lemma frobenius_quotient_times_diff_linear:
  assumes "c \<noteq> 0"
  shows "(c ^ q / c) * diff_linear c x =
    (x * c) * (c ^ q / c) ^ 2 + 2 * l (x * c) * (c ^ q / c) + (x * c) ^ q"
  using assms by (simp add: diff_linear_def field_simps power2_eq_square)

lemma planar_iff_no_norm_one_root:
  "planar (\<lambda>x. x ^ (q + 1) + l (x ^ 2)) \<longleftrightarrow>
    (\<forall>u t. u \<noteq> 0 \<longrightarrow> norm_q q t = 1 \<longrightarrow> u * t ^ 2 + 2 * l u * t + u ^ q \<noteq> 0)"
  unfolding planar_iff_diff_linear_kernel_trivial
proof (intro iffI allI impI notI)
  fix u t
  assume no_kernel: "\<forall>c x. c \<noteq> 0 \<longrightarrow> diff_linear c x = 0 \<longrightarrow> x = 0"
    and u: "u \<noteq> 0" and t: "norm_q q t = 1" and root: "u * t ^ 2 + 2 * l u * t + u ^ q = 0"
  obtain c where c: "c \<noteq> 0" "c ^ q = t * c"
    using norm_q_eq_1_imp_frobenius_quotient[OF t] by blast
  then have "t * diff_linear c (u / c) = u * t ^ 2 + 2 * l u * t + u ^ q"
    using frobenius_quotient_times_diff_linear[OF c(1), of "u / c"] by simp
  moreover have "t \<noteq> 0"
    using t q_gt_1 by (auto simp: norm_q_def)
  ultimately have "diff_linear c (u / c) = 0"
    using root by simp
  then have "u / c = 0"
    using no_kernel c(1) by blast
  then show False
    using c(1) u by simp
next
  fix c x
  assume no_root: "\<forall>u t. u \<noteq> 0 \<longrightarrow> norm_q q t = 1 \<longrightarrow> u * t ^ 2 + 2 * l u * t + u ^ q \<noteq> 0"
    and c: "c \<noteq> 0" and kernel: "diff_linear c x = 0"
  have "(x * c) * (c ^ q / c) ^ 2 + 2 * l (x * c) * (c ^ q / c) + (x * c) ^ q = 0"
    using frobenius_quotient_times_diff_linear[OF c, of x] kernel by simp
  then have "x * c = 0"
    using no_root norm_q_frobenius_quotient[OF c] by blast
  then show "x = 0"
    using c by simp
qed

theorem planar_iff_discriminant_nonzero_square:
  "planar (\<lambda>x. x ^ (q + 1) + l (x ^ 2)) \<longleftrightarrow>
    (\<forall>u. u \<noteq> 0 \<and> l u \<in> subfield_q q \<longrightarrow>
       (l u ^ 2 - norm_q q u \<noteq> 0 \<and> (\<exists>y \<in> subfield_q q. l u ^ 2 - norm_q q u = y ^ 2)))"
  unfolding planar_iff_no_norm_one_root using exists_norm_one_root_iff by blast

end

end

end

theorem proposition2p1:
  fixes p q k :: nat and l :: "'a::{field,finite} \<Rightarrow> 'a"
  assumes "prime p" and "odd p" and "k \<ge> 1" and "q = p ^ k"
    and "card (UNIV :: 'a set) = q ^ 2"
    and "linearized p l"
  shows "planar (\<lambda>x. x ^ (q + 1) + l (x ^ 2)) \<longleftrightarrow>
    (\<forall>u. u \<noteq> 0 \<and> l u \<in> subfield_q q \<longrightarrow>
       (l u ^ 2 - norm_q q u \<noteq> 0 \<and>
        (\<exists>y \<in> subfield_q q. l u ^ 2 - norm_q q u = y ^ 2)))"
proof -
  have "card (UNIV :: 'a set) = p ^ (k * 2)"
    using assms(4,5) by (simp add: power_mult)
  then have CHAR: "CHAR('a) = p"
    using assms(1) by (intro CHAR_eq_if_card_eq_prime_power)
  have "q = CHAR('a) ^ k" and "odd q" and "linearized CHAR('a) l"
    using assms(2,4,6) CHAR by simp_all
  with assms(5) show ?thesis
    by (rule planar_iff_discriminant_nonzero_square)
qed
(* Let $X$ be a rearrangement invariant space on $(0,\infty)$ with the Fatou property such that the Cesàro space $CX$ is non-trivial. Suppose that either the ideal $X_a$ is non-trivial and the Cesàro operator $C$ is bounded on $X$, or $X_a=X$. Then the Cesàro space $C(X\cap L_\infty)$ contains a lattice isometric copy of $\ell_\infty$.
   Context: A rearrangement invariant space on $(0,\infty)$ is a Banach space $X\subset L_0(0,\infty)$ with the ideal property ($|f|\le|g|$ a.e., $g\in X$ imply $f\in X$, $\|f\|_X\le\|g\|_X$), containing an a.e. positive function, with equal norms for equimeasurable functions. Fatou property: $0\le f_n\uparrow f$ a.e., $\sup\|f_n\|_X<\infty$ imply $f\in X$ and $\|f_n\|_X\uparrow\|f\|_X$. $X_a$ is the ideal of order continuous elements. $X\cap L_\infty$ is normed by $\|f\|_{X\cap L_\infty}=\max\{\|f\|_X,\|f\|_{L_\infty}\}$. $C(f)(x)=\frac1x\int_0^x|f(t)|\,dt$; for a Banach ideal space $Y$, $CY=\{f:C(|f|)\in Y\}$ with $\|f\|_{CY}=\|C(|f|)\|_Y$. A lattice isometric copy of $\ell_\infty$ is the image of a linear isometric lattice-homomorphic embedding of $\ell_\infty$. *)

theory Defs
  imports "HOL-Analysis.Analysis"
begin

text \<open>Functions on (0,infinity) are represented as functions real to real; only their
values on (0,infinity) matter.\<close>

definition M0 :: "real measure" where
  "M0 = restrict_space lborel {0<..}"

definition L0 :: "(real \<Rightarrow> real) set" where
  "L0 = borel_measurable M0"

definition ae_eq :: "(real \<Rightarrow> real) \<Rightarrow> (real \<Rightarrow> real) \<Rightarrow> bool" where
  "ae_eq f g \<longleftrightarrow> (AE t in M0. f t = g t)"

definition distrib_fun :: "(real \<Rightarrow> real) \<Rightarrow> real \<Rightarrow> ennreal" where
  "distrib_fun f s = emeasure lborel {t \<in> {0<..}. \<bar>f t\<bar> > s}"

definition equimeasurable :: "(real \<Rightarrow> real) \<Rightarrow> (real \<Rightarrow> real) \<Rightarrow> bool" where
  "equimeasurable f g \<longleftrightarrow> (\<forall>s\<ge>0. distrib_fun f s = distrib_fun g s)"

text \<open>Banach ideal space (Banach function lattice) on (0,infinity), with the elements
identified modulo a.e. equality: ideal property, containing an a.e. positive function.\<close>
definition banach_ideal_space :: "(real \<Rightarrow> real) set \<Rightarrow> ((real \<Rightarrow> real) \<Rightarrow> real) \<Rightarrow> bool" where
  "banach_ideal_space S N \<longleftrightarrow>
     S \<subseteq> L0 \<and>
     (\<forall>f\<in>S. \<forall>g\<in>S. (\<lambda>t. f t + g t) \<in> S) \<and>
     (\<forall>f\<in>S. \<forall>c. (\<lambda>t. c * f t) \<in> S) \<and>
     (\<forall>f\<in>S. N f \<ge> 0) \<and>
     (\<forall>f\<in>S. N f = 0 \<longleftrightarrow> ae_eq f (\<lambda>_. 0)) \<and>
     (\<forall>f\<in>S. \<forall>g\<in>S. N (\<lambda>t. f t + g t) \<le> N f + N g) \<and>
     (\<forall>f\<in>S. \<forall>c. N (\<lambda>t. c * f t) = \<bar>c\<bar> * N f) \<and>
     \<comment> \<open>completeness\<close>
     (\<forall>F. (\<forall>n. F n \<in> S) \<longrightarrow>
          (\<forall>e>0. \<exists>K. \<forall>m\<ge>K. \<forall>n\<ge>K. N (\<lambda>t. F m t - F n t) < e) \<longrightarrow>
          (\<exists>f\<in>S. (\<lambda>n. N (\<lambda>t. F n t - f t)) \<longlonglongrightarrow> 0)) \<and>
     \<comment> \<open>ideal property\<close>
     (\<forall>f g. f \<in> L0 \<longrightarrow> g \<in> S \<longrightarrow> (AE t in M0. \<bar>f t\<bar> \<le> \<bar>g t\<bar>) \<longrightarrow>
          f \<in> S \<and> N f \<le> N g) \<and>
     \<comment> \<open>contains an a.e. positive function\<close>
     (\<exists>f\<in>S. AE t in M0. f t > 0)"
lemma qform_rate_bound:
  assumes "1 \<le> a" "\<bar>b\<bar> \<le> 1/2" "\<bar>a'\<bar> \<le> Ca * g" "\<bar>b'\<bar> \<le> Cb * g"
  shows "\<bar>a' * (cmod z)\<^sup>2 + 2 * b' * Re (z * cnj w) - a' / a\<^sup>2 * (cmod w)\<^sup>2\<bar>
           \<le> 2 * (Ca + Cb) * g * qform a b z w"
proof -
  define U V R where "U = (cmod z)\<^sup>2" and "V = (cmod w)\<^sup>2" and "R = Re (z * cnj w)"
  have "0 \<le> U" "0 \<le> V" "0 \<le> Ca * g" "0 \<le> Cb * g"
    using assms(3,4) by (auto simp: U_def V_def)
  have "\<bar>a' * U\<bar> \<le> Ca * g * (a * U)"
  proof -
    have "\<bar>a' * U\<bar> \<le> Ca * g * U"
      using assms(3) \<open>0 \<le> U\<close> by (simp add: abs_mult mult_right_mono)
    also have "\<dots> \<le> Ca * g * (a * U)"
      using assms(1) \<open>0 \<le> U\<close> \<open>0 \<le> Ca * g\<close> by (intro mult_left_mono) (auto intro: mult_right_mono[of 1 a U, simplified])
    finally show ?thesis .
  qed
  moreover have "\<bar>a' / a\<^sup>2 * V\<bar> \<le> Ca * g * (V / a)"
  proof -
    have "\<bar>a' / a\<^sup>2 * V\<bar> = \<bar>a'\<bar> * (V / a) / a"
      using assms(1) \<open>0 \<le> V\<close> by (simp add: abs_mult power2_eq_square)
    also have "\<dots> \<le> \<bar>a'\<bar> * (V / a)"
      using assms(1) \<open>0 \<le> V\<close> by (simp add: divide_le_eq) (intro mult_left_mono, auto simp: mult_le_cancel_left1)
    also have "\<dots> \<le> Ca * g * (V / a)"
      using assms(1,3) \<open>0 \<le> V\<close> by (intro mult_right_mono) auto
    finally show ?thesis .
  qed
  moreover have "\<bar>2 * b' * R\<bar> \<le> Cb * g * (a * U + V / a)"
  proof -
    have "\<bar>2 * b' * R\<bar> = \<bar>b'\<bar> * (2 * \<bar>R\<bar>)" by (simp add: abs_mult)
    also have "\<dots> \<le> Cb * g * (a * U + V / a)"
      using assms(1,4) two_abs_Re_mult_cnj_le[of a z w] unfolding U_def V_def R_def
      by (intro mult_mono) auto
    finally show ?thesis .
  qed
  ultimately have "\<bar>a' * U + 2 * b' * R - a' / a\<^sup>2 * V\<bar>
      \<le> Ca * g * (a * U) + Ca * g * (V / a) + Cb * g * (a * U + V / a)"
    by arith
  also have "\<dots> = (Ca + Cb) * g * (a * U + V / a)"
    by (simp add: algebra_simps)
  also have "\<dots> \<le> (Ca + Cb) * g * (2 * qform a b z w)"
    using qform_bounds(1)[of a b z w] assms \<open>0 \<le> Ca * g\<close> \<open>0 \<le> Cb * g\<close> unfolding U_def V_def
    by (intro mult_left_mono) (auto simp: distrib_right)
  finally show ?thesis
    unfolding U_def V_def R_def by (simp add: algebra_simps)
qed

━━━━━━━━━━━━━━━━━━━━━━━━━━━━━━

#### Work instruction:
Would you return each line of the material above, unchanged, from the first one through the line where "using assms by" appears?

#### Result:
lemma frobenius_quotient_times_diff_linear:
  assumes "c \<noteq> 0"
  shows "(c ^ q / c) * diff_linear c x =
    (x * c) * (c ^ q / c) ^ 2 + 2 * l (x * c) * (c ^ q / c) + (x * c) ^ q"
  using assms by (simp add: diff_linear_def field_simps power2_eq_square)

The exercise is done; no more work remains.